GIVEN DATA: Begin
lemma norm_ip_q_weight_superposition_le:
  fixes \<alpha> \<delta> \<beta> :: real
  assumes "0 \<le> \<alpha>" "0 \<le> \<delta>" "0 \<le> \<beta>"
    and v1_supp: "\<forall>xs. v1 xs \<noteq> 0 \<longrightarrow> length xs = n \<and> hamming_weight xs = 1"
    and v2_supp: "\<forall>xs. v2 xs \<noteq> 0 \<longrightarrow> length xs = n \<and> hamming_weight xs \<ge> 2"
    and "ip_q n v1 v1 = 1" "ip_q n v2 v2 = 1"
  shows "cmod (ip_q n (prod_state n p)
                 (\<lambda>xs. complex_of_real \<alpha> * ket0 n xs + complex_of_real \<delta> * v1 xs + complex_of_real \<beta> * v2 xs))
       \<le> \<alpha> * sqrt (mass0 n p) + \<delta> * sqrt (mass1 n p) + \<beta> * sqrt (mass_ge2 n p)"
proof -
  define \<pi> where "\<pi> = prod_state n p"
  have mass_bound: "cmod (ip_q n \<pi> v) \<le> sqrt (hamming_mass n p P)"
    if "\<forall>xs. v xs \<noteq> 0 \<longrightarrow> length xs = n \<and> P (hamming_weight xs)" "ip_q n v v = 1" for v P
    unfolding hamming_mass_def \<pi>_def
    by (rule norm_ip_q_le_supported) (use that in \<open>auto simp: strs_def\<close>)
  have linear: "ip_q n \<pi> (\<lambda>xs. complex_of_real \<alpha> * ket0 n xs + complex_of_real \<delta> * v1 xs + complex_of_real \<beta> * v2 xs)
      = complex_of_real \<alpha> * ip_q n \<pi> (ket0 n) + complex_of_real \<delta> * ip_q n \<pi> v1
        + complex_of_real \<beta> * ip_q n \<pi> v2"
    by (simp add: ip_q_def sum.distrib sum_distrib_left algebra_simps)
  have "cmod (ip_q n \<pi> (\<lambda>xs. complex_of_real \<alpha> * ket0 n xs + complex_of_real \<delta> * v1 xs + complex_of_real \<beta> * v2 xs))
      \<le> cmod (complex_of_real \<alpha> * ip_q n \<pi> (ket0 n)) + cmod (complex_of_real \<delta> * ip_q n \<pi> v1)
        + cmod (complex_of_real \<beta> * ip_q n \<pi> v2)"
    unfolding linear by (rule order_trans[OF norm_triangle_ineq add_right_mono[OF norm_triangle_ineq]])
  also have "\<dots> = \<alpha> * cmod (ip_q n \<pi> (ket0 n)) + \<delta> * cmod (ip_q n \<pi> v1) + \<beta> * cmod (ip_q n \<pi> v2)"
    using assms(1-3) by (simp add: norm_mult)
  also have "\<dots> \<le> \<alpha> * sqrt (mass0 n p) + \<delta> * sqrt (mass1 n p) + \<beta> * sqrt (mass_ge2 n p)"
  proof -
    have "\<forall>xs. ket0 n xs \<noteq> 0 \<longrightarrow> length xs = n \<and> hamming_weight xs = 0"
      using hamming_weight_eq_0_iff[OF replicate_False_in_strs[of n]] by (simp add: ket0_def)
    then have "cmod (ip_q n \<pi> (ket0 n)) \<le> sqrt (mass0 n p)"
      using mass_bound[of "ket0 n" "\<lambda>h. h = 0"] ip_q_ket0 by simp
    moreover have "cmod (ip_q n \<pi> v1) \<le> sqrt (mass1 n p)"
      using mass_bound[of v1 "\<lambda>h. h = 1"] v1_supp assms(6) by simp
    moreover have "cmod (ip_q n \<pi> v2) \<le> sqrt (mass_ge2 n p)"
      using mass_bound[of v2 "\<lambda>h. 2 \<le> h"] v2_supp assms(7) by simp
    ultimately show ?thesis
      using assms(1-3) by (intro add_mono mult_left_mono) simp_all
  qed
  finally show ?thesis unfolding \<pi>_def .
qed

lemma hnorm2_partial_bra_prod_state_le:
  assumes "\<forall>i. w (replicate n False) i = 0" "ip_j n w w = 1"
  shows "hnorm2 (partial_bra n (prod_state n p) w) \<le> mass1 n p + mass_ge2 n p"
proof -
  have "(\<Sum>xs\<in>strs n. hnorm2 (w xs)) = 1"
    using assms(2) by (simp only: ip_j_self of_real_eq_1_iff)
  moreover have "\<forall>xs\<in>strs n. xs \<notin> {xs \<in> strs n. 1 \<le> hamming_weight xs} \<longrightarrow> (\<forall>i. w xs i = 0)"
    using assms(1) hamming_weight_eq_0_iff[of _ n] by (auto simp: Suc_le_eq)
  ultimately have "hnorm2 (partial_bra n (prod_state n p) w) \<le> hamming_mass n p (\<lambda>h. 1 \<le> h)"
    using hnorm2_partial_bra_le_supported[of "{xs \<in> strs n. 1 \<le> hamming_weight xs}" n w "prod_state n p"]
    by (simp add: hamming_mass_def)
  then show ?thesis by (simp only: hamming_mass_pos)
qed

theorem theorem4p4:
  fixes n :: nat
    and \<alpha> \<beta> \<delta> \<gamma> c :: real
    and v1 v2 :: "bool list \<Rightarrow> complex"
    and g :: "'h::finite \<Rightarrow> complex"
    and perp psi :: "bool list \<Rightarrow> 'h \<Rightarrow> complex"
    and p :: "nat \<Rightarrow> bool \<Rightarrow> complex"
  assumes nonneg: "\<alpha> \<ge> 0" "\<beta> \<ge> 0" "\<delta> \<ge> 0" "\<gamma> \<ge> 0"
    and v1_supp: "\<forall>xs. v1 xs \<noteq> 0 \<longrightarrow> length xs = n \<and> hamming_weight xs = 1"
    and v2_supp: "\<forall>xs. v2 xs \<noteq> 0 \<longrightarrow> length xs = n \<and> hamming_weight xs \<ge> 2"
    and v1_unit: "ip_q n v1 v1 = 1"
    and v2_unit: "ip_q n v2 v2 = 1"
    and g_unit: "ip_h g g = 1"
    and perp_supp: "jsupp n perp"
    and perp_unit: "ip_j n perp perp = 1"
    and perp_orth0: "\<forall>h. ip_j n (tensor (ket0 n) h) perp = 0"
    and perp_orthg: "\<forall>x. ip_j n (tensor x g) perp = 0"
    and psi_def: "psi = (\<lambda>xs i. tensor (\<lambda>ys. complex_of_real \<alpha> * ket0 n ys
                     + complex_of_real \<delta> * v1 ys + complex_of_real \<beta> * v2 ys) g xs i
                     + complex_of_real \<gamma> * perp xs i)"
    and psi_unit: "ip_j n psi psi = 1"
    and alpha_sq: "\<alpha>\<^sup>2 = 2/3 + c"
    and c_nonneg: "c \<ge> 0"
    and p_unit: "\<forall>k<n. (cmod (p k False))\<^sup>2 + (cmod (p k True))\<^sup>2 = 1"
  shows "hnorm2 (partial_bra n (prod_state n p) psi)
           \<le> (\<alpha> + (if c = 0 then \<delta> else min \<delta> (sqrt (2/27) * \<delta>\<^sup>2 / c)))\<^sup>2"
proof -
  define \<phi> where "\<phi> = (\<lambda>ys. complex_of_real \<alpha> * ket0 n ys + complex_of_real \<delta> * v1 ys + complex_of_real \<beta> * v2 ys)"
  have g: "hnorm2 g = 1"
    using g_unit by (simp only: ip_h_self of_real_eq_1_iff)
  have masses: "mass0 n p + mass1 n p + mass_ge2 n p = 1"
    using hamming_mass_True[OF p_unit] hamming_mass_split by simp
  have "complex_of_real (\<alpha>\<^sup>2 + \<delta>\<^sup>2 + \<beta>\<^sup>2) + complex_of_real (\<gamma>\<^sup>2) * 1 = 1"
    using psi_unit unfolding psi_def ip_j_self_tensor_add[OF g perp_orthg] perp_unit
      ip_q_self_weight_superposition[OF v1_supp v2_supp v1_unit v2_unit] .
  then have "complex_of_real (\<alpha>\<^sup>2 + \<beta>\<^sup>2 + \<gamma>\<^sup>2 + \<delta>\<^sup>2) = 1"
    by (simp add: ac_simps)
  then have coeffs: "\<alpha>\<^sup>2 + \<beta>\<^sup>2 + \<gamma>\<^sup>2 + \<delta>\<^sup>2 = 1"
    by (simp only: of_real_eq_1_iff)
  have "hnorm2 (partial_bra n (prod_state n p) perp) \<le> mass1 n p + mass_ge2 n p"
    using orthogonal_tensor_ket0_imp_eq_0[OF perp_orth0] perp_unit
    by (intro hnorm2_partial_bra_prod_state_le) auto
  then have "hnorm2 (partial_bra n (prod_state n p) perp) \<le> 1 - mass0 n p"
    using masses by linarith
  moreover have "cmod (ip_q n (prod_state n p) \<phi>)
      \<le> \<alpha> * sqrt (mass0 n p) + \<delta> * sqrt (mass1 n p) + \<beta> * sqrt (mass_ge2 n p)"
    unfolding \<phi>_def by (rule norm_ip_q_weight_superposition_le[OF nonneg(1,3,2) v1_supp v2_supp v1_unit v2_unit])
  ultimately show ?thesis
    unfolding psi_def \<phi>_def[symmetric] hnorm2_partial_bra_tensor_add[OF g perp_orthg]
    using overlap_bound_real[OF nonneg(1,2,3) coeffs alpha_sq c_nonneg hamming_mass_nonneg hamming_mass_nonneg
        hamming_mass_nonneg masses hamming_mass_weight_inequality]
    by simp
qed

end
GIVEN DATA: End
In the entries above, find the line with "by (simp add: ip_q_def" and the line with "unfolding linear by", then restate word for word both of them and every line between, with nothing more.

### YOUR RESPONSE:
    by (simp add: ip_q_def sum.distrib sum_distrib_left algebra_simps)
  have "cmod (ip_q n \<pi> (\<lambda>xs. complex_of_real \<alpha> * ket0 n xs + complex_of_real \<delta> * v1 xs + complex_of_real \<beta> * v2 xs))
      \<le> cmod (complex_of_real \<alpha> * ip_q n \<pi> (ket0 n)) + cmod (complex_of_real \<delta> * ip_q n \<pi> v1)
        + cmod (complex_of_real \<beta> * ip_q n \<pi> v2)"
    unfolding linear by (rule order_trans[OF norm_triangle_ineq add_right_mono[OF norm_triangle_ineq]])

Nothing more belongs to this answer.